_WHAT IS BEING ASKED_
Beginning with the line that holds "by (simp add: fs_sortable_def mirror_config_def)" in the data below, give again every line through the one that holds "s t \<Longrightarrow>", exactly as written.
=-=-=
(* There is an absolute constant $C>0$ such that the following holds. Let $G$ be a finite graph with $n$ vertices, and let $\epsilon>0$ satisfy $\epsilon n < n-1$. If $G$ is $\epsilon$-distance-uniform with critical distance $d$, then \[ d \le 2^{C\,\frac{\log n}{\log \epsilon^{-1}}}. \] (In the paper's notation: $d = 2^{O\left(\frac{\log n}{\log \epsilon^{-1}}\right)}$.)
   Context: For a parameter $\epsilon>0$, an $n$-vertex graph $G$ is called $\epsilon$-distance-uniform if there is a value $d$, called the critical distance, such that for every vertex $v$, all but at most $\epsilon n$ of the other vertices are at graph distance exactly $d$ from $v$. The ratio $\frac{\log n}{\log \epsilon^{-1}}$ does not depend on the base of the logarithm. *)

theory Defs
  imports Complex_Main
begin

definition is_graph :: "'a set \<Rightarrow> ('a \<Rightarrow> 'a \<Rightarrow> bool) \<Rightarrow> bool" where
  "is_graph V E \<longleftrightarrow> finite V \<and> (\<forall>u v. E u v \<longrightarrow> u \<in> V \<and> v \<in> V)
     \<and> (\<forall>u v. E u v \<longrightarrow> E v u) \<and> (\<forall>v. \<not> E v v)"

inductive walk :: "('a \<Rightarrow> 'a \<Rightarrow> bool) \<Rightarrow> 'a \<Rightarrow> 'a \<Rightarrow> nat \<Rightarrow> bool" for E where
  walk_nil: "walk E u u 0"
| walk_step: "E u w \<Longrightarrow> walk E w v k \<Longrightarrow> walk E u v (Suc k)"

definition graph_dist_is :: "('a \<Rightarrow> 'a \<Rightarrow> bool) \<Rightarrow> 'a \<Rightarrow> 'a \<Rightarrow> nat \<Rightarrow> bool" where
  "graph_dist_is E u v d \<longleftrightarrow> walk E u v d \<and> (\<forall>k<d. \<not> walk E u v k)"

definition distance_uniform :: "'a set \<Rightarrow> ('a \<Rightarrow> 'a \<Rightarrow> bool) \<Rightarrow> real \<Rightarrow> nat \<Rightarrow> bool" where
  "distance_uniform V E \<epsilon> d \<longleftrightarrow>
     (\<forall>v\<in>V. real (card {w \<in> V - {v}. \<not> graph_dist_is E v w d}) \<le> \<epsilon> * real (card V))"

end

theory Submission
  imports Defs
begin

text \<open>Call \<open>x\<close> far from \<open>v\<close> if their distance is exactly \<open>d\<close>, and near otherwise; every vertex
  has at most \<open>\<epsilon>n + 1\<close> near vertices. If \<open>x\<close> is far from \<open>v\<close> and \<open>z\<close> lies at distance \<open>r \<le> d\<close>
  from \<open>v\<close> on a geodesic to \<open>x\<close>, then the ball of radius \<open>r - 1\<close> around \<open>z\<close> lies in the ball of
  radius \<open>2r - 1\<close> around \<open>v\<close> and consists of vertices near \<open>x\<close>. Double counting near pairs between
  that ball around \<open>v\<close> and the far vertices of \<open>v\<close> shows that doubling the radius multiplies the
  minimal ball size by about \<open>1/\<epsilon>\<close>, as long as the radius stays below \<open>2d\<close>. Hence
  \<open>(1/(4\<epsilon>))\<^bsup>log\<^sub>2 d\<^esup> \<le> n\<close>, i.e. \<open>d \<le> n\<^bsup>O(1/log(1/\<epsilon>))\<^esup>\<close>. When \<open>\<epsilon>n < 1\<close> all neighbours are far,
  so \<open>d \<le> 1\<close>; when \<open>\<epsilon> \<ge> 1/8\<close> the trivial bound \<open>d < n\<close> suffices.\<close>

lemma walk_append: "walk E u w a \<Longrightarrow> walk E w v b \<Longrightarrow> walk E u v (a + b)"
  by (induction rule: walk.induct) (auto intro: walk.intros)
=-=-=
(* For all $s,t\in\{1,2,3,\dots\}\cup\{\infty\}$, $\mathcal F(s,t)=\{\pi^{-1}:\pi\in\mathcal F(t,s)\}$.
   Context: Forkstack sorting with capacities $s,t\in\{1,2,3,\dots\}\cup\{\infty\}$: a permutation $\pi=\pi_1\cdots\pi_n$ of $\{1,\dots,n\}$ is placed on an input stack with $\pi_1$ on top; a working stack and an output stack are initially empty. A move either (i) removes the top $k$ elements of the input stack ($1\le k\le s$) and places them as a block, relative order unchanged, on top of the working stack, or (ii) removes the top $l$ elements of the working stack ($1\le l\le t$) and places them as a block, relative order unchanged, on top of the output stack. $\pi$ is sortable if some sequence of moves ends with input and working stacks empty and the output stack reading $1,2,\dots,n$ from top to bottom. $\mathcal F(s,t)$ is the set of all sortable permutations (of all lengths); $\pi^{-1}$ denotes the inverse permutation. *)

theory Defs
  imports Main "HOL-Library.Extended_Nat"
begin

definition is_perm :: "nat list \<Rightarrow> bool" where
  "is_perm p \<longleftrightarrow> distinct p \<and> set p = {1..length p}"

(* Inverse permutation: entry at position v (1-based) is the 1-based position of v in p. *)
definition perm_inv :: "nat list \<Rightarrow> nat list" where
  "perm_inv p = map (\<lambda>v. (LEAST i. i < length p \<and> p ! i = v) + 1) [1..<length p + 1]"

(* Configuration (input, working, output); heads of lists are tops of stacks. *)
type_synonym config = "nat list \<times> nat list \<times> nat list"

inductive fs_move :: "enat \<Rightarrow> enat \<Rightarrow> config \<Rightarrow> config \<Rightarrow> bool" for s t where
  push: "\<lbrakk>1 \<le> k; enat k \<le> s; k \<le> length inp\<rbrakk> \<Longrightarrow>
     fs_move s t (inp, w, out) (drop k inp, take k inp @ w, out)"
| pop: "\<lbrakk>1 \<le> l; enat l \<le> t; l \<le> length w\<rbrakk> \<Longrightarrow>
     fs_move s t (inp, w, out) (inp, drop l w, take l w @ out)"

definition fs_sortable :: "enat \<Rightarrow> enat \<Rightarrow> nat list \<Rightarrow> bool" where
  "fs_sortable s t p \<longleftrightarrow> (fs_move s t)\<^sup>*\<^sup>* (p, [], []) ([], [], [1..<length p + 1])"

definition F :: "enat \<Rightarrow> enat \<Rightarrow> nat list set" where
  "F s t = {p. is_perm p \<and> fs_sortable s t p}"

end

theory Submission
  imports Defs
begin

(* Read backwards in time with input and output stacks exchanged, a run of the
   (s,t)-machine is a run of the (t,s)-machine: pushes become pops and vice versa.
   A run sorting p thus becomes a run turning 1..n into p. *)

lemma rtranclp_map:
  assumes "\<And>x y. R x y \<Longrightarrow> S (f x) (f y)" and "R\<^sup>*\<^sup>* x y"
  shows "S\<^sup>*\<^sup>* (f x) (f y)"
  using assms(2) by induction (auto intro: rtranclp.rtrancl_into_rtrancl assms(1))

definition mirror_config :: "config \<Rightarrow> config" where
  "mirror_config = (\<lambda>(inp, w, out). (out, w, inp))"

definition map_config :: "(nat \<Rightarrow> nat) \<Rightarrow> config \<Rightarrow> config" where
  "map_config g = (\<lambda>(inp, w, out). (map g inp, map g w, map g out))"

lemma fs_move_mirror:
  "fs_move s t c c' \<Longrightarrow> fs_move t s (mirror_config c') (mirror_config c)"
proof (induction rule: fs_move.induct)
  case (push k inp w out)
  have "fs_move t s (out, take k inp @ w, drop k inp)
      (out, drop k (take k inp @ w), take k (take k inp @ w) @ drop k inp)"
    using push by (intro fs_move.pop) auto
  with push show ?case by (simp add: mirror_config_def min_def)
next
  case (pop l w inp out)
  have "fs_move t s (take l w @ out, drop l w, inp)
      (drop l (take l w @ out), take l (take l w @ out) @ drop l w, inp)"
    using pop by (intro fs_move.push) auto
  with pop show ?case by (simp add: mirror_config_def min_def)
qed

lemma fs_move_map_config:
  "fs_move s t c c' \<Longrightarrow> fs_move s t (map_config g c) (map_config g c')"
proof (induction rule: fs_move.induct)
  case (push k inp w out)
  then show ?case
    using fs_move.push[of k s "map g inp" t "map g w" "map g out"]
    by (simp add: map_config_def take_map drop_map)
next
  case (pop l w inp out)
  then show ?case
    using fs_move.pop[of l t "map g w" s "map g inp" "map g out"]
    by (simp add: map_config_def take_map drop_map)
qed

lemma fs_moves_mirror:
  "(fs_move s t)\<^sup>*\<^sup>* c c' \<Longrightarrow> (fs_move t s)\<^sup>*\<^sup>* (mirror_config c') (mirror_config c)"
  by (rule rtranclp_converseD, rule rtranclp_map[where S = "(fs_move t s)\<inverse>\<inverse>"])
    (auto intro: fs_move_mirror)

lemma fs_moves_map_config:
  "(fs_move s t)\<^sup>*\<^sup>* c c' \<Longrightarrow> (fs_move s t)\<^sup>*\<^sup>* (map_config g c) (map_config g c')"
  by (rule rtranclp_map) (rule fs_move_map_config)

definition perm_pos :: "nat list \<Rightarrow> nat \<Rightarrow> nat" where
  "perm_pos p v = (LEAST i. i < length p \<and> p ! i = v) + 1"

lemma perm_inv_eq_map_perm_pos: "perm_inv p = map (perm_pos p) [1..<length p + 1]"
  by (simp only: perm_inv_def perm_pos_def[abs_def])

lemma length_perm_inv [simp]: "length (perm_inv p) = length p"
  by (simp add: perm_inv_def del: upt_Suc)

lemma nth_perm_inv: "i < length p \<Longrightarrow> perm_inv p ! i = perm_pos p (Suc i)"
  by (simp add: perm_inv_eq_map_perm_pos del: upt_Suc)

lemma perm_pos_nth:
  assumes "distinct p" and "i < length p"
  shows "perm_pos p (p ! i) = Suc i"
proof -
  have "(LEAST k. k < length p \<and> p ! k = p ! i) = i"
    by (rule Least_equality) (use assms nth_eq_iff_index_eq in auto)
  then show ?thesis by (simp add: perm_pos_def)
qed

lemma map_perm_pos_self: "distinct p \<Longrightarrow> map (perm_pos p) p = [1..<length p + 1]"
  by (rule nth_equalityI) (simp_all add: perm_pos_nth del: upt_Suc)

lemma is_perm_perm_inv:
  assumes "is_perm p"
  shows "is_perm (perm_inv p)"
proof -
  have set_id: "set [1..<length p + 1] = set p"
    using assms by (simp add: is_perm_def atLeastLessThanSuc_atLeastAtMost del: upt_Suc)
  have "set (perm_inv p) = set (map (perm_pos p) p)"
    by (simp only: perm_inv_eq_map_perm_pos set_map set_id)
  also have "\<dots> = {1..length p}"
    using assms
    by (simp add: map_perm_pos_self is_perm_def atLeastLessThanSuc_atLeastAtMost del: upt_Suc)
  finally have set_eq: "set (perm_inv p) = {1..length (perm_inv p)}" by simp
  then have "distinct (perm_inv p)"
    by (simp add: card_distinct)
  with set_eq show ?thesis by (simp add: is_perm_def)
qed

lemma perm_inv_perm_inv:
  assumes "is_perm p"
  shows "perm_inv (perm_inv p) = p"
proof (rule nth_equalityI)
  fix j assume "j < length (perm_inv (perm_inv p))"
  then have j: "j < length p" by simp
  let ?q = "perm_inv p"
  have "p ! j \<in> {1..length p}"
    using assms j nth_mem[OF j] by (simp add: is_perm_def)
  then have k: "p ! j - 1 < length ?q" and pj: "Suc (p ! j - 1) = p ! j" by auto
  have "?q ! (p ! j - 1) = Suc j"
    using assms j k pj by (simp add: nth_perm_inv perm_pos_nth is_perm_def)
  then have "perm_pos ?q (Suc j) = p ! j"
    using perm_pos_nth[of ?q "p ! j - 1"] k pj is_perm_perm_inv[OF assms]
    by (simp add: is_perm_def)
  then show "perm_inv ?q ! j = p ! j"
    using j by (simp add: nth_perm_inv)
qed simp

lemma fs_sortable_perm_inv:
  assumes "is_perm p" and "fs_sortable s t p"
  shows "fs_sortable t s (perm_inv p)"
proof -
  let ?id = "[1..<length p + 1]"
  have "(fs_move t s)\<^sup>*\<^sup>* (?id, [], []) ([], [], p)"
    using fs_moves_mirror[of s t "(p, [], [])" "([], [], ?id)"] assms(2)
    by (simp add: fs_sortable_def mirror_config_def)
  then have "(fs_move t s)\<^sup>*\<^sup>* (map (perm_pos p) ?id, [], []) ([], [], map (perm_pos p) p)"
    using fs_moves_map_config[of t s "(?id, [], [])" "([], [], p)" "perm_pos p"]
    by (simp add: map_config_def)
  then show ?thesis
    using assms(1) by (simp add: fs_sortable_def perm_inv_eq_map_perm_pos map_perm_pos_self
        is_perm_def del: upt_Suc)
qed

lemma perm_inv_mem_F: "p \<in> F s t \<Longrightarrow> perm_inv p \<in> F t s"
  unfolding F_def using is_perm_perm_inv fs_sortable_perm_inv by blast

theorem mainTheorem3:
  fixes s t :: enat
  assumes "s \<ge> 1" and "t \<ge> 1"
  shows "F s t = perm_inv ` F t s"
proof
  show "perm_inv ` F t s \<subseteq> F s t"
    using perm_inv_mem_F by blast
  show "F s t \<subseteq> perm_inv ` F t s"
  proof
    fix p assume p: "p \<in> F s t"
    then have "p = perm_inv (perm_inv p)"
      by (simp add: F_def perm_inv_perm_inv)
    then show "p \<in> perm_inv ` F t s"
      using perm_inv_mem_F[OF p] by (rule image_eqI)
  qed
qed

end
=-=-=
_RESULT BELOW_
    by (simp add: fs_sortable_def mirror_config_def)
  then have "(fs_move t s)\<^sup>*\<^sup>* (map (perm_pos p) ?id, [], []) ([], [], map (perm_pos p) p)"
    using fs_moves_map_config[of t s "(?id, [], [])" "([], [], p)" "perm_pos p"]
    by (simp add: map_config_def)
  then show ?thesis
    using assms(1) by (simp add: fs_sortable_def perm_inv_eq_map_perm_pos map_perm_pos_self
        is_perm_def del: upt_Suc)
qed

lemma perm_inv_mem_F: "p \<in> F s t \<Longrightarrow> perm_inv p \<in> F t s"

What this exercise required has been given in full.